▸ **The problem**: The entries below hold a line with "t)) (diag_block_mat (d" and a line with "j = (\<Sum>a<s.". Return those lines and all that lie between them, exactly and only.

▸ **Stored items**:
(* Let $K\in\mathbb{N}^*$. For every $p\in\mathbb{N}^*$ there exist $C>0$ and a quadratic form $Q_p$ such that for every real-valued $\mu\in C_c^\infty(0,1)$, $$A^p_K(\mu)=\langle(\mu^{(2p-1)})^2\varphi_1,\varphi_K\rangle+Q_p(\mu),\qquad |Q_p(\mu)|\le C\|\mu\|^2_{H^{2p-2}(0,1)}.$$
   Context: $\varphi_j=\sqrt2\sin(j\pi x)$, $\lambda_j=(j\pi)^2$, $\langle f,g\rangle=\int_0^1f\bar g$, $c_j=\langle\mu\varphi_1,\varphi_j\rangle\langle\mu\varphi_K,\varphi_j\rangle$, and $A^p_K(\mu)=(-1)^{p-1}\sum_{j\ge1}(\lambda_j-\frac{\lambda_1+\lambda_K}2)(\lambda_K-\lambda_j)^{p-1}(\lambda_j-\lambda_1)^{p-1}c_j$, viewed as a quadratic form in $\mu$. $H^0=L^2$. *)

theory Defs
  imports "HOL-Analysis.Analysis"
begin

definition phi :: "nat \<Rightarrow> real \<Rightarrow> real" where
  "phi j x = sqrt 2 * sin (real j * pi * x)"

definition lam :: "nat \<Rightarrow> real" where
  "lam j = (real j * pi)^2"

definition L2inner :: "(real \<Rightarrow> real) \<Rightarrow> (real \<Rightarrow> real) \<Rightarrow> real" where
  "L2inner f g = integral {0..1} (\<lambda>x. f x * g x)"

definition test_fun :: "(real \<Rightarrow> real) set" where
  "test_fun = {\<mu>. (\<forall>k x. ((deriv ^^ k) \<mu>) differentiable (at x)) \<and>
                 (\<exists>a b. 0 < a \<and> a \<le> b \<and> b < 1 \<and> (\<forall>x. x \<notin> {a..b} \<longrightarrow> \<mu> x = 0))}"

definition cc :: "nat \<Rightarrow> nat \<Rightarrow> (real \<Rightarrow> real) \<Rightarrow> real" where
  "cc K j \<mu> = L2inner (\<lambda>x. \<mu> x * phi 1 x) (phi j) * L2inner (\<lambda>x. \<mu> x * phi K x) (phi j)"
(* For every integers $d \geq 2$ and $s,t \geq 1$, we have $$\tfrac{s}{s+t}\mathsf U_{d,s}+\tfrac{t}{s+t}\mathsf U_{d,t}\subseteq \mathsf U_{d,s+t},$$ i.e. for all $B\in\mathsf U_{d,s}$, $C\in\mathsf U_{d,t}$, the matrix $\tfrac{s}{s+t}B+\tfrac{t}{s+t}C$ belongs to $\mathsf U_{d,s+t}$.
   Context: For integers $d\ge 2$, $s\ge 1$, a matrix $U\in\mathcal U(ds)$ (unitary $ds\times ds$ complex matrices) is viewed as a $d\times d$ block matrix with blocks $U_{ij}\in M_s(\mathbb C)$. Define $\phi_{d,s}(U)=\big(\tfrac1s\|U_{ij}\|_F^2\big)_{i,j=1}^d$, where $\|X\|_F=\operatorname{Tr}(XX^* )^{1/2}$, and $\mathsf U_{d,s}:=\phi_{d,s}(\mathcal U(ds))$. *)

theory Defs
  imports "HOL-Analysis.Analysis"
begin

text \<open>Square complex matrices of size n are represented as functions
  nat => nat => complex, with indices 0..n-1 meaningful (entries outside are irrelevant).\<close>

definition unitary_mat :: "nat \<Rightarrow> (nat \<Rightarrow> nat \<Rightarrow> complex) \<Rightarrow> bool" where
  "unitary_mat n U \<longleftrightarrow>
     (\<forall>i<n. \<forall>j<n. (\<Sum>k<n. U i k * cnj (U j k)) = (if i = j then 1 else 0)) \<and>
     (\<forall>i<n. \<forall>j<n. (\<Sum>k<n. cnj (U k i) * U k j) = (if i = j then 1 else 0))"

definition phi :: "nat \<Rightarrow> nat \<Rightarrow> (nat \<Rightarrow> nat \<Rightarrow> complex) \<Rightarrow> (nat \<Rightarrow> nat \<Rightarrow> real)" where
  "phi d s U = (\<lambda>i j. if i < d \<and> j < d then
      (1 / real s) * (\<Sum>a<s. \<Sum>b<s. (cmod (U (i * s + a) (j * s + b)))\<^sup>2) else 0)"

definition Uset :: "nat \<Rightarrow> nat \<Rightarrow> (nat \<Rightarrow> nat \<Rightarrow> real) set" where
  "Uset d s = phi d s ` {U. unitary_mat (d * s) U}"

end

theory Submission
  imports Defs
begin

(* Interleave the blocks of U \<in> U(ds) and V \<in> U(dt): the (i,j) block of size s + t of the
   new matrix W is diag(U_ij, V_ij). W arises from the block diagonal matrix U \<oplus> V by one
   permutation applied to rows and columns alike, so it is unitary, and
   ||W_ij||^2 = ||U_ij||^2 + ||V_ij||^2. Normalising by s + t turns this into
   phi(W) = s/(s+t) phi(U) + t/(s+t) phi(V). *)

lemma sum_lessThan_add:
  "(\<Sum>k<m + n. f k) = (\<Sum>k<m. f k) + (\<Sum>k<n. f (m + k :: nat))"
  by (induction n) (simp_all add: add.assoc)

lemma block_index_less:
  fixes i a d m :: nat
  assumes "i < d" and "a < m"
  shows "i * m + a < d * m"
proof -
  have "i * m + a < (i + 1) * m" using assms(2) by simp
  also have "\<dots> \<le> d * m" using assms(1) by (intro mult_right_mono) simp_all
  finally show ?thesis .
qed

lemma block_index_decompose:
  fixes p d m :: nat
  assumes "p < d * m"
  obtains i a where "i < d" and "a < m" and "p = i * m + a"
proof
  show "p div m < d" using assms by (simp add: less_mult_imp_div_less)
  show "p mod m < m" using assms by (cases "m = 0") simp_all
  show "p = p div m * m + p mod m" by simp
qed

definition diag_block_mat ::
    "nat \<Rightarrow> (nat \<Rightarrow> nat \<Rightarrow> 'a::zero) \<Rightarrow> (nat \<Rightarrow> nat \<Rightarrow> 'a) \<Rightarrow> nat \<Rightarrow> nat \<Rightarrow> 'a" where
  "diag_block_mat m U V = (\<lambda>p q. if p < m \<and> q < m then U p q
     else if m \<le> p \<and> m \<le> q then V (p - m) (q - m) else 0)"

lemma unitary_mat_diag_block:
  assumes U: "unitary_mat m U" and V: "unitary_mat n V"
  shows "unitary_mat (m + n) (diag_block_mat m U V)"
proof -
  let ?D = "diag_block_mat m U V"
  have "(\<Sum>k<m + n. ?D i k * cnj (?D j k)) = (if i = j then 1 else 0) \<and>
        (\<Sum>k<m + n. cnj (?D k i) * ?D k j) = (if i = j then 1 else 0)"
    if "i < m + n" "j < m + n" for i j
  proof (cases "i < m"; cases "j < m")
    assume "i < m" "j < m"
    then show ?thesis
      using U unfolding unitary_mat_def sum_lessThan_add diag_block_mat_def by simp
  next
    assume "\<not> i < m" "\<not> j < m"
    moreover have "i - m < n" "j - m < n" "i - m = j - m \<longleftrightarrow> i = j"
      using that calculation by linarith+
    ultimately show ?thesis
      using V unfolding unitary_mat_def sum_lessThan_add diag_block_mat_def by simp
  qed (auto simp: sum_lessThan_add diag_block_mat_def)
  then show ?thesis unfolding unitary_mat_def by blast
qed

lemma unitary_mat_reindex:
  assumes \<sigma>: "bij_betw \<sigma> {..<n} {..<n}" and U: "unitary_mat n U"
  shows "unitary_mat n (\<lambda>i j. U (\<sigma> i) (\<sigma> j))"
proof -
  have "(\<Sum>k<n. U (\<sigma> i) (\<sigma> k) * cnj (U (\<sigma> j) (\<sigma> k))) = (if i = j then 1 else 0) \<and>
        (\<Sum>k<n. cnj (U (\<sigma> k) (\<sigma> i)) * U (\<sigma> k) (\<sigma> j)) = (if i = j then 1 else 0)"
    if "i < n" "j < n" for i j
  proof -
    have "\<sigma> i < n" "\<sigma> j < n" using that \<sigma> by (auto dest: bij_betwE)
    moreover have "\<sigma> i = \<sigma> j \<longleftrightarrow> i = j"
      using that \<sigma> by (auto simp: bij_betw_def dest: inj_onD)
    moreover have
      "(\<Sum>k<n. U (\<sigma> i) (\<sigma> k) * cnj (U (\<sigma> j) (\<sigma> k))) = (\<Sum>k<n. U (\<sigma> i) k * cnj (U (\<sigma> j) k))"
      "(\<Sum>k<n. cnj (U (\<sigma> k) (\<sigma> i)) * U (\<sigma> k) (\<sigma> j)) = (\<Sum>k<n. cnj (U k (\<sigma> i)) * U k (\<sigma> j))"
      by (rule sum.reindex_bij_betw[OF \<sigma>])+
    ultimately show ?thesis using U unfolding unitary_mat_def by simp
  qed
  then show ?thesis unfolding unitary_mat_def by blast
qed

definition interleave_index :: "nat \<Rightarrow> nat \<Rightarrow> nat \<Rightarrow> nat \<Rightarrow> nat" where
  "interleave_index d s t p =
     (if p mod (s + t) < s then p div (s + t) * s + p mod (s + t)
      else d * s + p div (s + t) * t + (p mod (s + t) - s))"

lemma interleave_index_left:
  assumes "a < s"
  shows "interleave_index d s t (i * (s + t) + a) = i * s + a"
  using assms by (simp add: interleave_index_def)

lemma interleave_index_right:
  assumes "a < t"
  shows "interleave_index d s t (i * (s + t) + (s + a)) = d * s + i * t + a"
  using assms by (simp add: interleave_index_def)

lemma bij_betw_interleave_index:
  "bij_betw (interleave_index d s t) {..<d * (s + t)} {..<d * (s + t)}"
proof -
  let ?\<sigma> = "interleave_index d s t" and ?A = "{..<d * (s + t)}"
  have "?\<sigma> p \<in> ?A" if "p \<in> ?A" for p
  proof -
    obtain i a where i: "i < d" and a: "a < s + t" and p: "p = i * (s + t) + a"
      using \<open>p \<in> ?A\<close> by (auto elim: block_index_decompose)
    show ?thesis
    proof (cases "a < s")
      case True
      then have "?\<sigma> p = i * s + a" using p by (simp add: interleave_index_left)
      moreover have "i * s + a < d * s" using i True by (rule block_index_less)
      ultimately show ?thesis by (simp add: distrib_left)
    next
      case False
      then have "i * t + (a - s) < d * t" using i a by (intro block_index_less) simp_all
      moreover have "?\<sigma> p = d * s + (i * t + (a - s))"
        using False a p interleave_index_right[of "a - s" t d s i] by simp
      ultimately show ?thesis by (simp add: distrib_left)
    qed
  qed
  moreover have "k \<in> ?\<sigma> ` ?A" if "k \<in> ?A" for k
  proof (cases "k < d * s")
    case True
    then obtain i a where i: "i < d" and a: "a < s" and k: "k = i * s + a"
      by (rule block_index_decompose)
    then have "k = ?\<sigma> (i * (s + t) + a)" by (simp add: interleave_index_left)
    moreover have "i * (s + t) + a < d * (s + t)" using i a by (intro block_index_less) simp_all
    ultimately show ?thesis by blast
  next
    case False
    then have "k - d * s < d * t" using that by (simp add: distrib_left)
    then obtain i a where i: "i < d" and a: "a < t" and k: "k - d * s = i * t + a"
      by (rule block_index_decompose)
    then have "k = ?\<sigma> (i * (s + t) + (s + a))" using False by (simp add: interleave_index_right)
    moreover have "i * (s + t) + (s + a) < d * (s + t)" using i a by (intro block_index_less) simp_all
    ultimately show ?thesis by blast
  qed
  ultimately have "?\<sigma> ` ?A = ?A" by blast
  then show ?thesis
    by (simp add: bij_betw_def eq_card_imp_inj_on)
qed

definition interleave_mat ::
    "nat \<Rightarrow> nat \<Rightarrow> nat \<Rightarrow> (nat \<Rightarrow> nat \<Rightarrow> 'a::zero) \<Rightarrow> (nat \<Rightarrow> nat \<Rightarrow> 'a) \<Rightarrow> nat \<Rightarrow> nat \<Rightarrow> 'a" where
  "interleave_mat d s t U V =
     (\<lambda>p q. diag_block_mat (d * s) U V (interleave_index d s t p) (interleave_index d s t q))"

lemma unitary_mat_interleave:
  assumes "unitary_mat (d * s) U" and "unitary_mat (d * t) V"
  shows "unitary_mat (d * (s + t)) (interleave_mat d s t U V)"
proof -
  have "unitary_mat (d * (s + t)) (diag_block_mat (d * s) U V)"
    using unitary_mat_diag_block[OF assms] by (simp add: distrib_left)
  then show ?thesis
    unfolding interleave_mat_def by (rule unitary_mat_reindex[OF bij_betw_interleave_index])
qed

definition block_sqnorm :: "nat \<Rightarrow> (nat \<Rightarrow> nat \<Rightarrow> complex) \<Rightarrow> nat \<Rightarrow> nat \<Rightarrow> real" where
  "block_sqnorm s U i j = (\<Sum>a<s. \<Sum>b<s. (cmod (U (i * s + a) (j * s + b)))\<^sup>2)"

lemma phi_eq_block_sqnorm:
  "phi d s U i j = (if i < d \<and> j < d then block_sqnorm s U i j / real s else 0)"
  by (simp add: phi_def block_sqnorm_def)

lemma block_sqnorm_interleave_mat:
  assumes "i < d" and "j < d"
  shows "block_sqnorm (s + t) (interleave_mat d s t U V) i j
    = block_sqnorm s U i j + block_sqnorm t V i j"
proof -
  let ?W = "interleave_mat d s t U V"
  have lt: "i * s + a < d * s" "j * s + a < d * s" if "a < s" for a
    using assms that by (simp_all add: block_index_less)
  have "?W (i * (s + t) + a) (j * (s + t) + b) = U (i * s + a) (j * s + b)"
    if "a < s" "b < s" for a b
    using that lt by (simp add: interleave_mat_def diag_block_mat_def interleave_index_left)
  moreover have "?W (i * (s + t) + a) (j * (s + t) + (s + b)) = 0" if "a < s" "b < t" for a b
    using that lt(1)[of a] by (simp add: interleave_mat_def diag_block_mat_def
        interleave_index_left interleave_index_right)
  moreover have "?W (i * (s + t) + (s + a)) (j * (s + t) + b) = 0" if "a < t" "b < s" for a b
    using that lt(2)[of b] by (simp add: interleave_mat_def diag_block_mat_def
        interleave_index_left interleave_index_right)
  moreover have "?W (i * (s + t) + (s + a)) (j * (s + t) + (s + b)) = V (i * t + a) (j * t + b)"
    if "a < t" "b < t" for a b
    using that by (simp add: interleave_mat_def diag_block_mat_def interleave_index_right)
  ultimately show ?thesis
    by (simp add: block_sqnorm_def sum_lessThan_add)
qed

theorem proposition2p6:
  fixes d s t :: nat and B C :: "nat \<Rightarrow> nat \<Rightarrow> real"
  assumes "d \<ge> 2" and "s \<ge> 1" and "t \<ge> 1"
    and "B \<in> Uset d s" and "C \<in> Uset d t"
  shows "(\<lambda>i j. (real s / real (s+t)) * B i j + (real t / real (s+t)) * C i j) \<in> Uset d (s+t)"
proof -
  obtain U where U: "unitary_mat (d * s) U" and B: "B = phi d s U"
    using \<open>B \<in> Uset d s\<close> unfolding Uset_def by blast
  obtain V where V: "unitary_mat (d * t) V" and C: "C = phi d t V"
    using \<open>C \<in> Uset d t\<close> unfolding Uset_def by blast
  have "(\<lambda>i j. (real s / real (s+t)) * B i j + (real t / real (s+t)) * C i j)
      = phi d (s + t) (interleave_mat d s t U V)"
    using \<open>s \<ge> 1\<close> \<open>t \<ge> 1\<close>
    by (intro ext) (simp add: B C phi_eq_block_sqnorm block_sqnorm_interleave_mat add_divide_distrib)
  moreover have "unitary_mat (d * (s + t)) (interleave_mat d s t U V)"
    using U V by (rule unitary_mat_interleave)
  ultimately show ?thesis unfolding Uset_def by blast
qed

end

▸ **Task answer**:
  have "unitary_mat (d * (s + t)) (diag_block_mat (d * s) U V)"
    using unitary_mat_diag_block[OF assms] by (simp add: distrib_left)
  then show ?thesis
    unfolding interleave_mat_def by (rule unitary_mat_reindex[OF bij_betw_interleave_index])
qed

definition block_sqnorm :: "nat \<Rightarrow> (nat \<Rightarrow> nat \<Rightarrow> complex) \<Rightarrow> nat \<Rightarrow> nat \<Rightarrow> real" where
  "block_sqnorm s U i j = (\<Sum>a<s. \<Sum>b<s. (cmod (U (i * s + a) (j * s + b)))\<^sup>2)"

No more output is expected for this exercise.